* _Material supplied_:
==============================

definition omega_hat :: "real \<Rightarrow> (real \<Rightarrow> real) \<Rightarrow> real \<Rightarrow> real" where
  "omega_hat D \<omega>\<rho> t =
     (if \<forall>s\<in>{0..D}. \<omega>\<rho> s \<le> s then t else D / \<omega>\<rho> D * \<omega>\<rho> t)"

end

theory Submission
  imports Defs
begin

text \<open>A point z of the ball B_x has, by walking along a geodesic from y towards z, a partner
  z' in B_y with d(z,z') \<le> max 0 (d(x,y) + \<rho>(x) - \<rho>(y)). Hence the supremum and the infimum
  of u over B_x and over B_y differ by at most \<omega> of that quantity, and averaging the two
  directions gives |Su(x) - Su(y)| \<le> (\<omega>(c1) + \<omega>(c2))/2 \<le> \<omega>((c1 + c2)/2) by concavity.
  Finally (c1 + c2)/2 \<le> max d(x,y) |\<rho>(x) - \<rho>(y)|, which is at most \<omega>-hat(d(x,y)): the
  rescaled concave modulus of \<rho> dominates both the identity and the modulus itself.\<close>

lemma dist_add_dist_le_curve_length:
  fixes \<gamma> :: "real \<Rightarrow> 'a::metric_space"
  assumes "a \<le> t" "t \<le> b"
  shows "ereal (dist (\<gamma> a) (\<gamma> t) + dist (\<gamma> t) (\<gamma> b)) \<le> curve_length \<gamma> a b"
proof -
  define p where "p = (\<lambda>i::nat. if i = 0 then a else if i = 1 then t else b)"
  have "(\<Sum>i<2. dist (\<gamma> (p i)) (\<gamma> (p (Suc i)))) = dist (\<gamma> a) (\<gamma> t) + dist (\<gamma> t) (\<gamma> b)"
    by (simp add: p_def numeral_2_eq_2)
  moreover have "p 0 = a \<and> p 2 = b \<and> (\<forall>i<2. p i \<le> p (Suc i))"
    using assms by (auto simp: p_def less_2_cases_iff)
  ultimately show ?thesis
    unfolding curve_length_def by (intro Sup_upper CollectI exI[of _ 2] exI[of _ p]) simp
qed

lemma geodesic_spaceE:
  fixes x y :: "'a::metric_space"
  assumes "geodesic_space TYPE('a)"
  obtains \<gamma> :: "real \<Rightarrow> 'a" and a b :: real
  where "a \<le> b" "continuous_on {a..b} \<gamma>" "\<gamma> a = x" "\<gamma> b = y"
    "\<And>t. a \<le> t \<Longrightarrow> t \<le> b \<Longrightarrow> dist x (\<gamma> t) + dist (\<gamma> t) y = dist x y"
proof -
  obtain \<gamma> a b where \<gamma>: "a \<le> b" "continuous_on {a..b} \<gamma>" "\<gamma> a = x" "\<gamma> b = y"
    "curve_length \<gamma> a b = ereal (dist x y)"
    using assms unfolding geodesic_space_def by blast
  show ?thesis
  proof (rule that[OF \<gamma>(1-4)])
    fix t assume "a \<le> t" "t \<le> b"
    with dist_add_dist_le_curve_length[OF this, of \<gamma>] \<gamma> dist_triangle[of x y "\<gamma> t"]
    show "dist x (\<gamma> t) + dist (\<gamma> t) y = dist x y"
      by (simp add: dist_commute)
  qed
qed

lemma geodesic_point_at_distance:
  fixes y z :: "'a::metric_space"
  assumes "geodesic_space TYPE('a)" "0 \<le> s"
  obtains z' where "dist y z' \<le> s" "dist z z' \<le> max 0 (dist y z - s)"
proof (cases "dist y z \<le> s")
  case True
  then show ?thesis using that[of z] by simp
next
  case False
  obtain \<gamma> :: "real \<Rightarrow> 'a" and a b where \<gamma>: "a \<le> b" "continuous_on {a..b} \<gamma>" "\<gamma> a = y" "\<gamma> b = z"
    "\<And>t. a \<le> t \<Longrightarrow> t \<le> b \<Longrightarrow> dist y (\<gamma> t) + dist (\<gamma> t) z = dist y z"
    by (rule geodesic_spaceE[OF assms(1), of y z]) blast
  have "continuous_on {a..b} (\<lambda>t. dist y (\<gamma> t))"
    by (intro continuous_intros \<gamma>(2))
  then obtain t where t: "a \<le> t" "t \<le> b" "dist y (\<gamma> t) = s"
    using IVT'[of "\<lambda>t. dist y (\<gamma> t)" a s b] \<gamma> False assms(2) by auto
  show ?thesis
    using \<gamma>(5)[OF t(1,2)] t by (intro that[of "\<gamma> t"]) (auto simp: dist_commute)
qed

lemma geodesic_cball_transport:
  fixes p q z :: "'a::metric_space"
  assumes "geodesic_space TYPE('a)" "0 \<le> r" "z \<in> cball p s"
  obtains z' where "z' \<in> cball q r" "dist z z' \<le> max 0 (dist p q + s - r)"
proof -
  obtain z' where z': "dist q z' \<le> r" "dist z z' \<le> max 0 (dist q z - r)"
    using geodesic_point_at_distance[OF assms(1,2)] by blast
  have "dist q z \<le> dist p q + s"
    using assms(3) dist_triangle[of q z p] by (simp add: dist_commute)
  then show ?thesis
    using z' by (intro that[of z']) auto
qed

text \<open>A geodesic from the centre to a point outside the closure would cross the frontier
  at distance less than r from the centre.\<close>

lemma geodesic_cball_subset_closure:
  fixes \<Omega> :: "'a::metric_space set"
  assumes "geodesic_space TYPE('a)" "x \<in> \<Omega>" "\<forall>w\<in>frontier \<Omega>. r \<le> dist x w"
  shows "cball x r \<subseteq> closure \<Omega>"
proof
  fix z assume z: "z \<in> cball x r"
  show "z \<in> closure \<Omega>"
  proof (rule ccontr)
    assume nz: "z \<notin> closure \<Omega>"
    obtain \<gamma> :: "real \<Rightarrow> 'a" and a b where \<gamma>: "a \<le> b" "continuous_on {a..b} \<gamma>" "\<gamma> a = x" "\<gamma> b = z"
      "\<And>t. a \<le> t \<Longrightarrow> t \<le> b \<Longrightarrow> dist x (\<gamma> t) + dist (\<gamma> t) z = dist x z"
      by (rule geodesic_spaceE[OF assms(1), of x z]) blast
    have "connected (\<gamma> ` {a..b})"
      by (intro connected_continuous_image \<gamma>(2)) simp
    moreover have "x \<in> \<gamma> ` {a..b} \<inter> \<Omega>" "z \<in> \<gamma> ` {a..b} - \<Omega>"
      using \<gamma>(1,3,4) assms(2) nz closure_subset by (auto intro!: image_eqI)
    ultimately have "\<gamma> ` {a..b} \<inter> frontier \<Omega> \<noteq> {}"
      using connected_Int_frontier[of "\<gamma> ` {a..b}" \<Omega>] by blast
    then obtain t where t: "a \<le> t" "t \<le> b" "\<gamma> t \<in> frontier \<Omega>"
      by auto
    moreover have "r \<le> dist x (\<gamma> t)"
      using assms(3) t(3) by blast
    moreover have "dist x z \<le> r"
      using z by simp
    ultimately have "dist (\<gamma> t) z \<le> 0"
      using \<gamma>(5)[OF t(1,2)] by linarith
    then have "\<gamma> t = z" by simp
    with t nz show False by (simp add: frontier_def)
  qed
qed

lemma ball_of_subset_closure:
  assumes "geodesic_space TYPE('a::metric_space)" "admissible_radius \<Omega> \<rho>" "x \<in> \<Omega>"
  shows "ball_of \<rho> x \<subseteq> closure (\<Omega> :: 'a set)"
proof -
  have "\<forall>w\<in>frontier \<Omega>. \<rho> x \<le> dist x w"
    using assms(2,3) unfolding admissible_radius_def by blast
  then show ?thesis
    unfolding ball_of_def by (rule geodesic_cball_subset_closure[OF assms(1,3)])
qed

lemma centre_in_ball_of:
  assumes "admissible_radius \<Omega> \<rho>" "x \<in> \<Omega>"
  shows "x \<in> ball_of \<rho> x"
proof -
  have "0 < \<rho> x"
    using assms unfolding admissible_radius_def by blast
  then show ?thesis
    by (simp add: ball_of_def less_imp_le)
qed

lemma dist_le_diameter_ball_of:
  assumes "geodesic_space TYPE('a::metric_space)" "bounded \<Omega>" "admissible_radius \<Omega> \<rho>"
    and "p \<in> \<Omega>" "q \<in> \<Omega>" "z \<in> ball_of \<rho> p" "z' \<in> ball_of \<rho> q"
  shows "dist z z' \<le> diameter (\<Omega> :: 'a set)"
proof -
  have "z \<in> closure \<Omega>" "z' \<in> closure \<Omega>"
    using ball_of_subset_closure[OF assms(1,3)] assms(4-7) by blast+
  then show ?thesis
    using diameter_bounded_bound[OF bounded_closure[OF assms(2)]] diameter_closure[OF assms(2)]
    by simp
qed

lemma SUP_INF_le_transport:
  fixes u :: "'a \<Rightarrow> real"
  assumes "A \<noteq> {}" "bounded (u ` B)" "\<forall>z\<in>A. \<exists>z'\<in>B. \<bar>u z - u z'\<bar> \<le> a"
  shows "Sup (u ` A) \<le> Sup (u ` B) + a" "Inf (u ` B) \<le> Inf (u ` A) + a"
proof -
  show "Sup (u ` A) \<le> Sup (u ` B) + a"
  proof (rule cSUP_least[OF assms(1)])
    fix z assume "z \<in> A"
    then obtain z' where "z' \<in> B" "\<bar>u z - u z'\<bar> \<le> a" using assms(3) by blast
    moreover have "u z' \<le> Sup (u ` B)"
      using cSUP_upper[OF \<open>z' \<in> B\<close> bounded_imp_bdd_above[OF assms(2)]] .
    ultimately show "u z \<le> Sup (u ` B) + a" by linarith
  qed
  have "Inf (u ` B) - a \<le> Inf (u ` A)"
  proof (rule cINF_greatest[OF assms(1)])
    fix z assume "z \<in> A"
    then obtain z' where "z' \<in> B" "\<bar>u z - u z'\<bar> \<le> a" using assms(3) by blast
    moreover have "Inf (u ` B) \<le> u z'"
      using cINF_lower[OF bounded_imp_bdd_below[OF assms(2)] \<open>z' \<in> B\<close>] .
    ultimately show "Inf (u ` B) - a \<le> u z" by linarith
  qed
  then show "Inf (u ` B) \<le> Inf (u ` A) + a" by simp
qed

lemma midrange_diff_le:
  fixes u :: "'a \<Rightarrow> real"
  assumes "A \<noteq> {}" "B \<noteq> {}" "bounded (u ` A)" "bounded (u ` B)"
    and "\<forall>z\<in>A. \<exists>z'\<in>B. \<bar>u z - u z'\<bar> \<le> a" "\<forall>z\<in>B. \<exists>z'\<in>A. \<bar>u z - u z'\<bar> \<le> b"
  shows "\<bar>(Sup (u ` A) + Inf (u ` A)) / 2 - (Sup (u ` B) + Inf (u ` B)) / 2\<bar> \<le> (a + b) / 2"
  using SUP_INF_le_transport[OF assms(1,4,5)] SUP_INF_le_transport[OF assms(2,3,6)]
  by (simp add: abs_le_iff field_simps)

==============================

In the data above, find the line that contains "x r \<subseteq>" and the line that contains "using assms(3) t(3) by blast". Repeat exactly those lines and every line between them, and only those.

* _Answer below_:
  shows "cball x r \<subseteq> closure \<Omega>"
proof
  fix z assume z: "z \<in> cball x r"
  show "z \<in> closure \<Omega>"
  proof (rule ccontr)
    assume nz: "z \<notin> closure \<Omega>"
    obtain \<gamma> :: "real \<Rightarrow> 'a" and a b where \<gamma>: "a \<le> b" "continuous_on {a..b} \<gamma>" "\<gamma> a = x" "\<gamma> b = z"
      "\<And>t. a \<le> t \<Longrightarrow> t \<le> b \<Longrightarrow> dist x (\<gamma> t) + dist (\<gamma> t) z = dist x z"
      by (rule geodesic_spaceE[OF assms(1), of x z]) blast
    have "connected (\<gamma> ` {a..b})"
      by (intro connected_continuous_image \<gamma>(2)) simp
    moreover have "x \<in> \<gamma> ` {a..b} \<inter> \<Omega>" "z \<in> \<gamma> ` {a..b} - \<Omega>"
      using \<gamma>(1,3,4) assms(2) nz closure_subset by (auto intro!: image_eqI)
    ultimately have "\<gamma> ` {a..b} \<inter> frontier \<Omega> \<noteq> {}"
      using connected_Int_frontier[of "\<gamma> ` {a..b}" \<Omega>] by blast
    then obtain t where t: "a \<le> t" "t \<le> b" "\<gamma> t \<in> frontier \<Omega>"
      by auto
    moreover have "r \<le> dist x (\<gamma> t)"
      using assms(3) t(3) by blast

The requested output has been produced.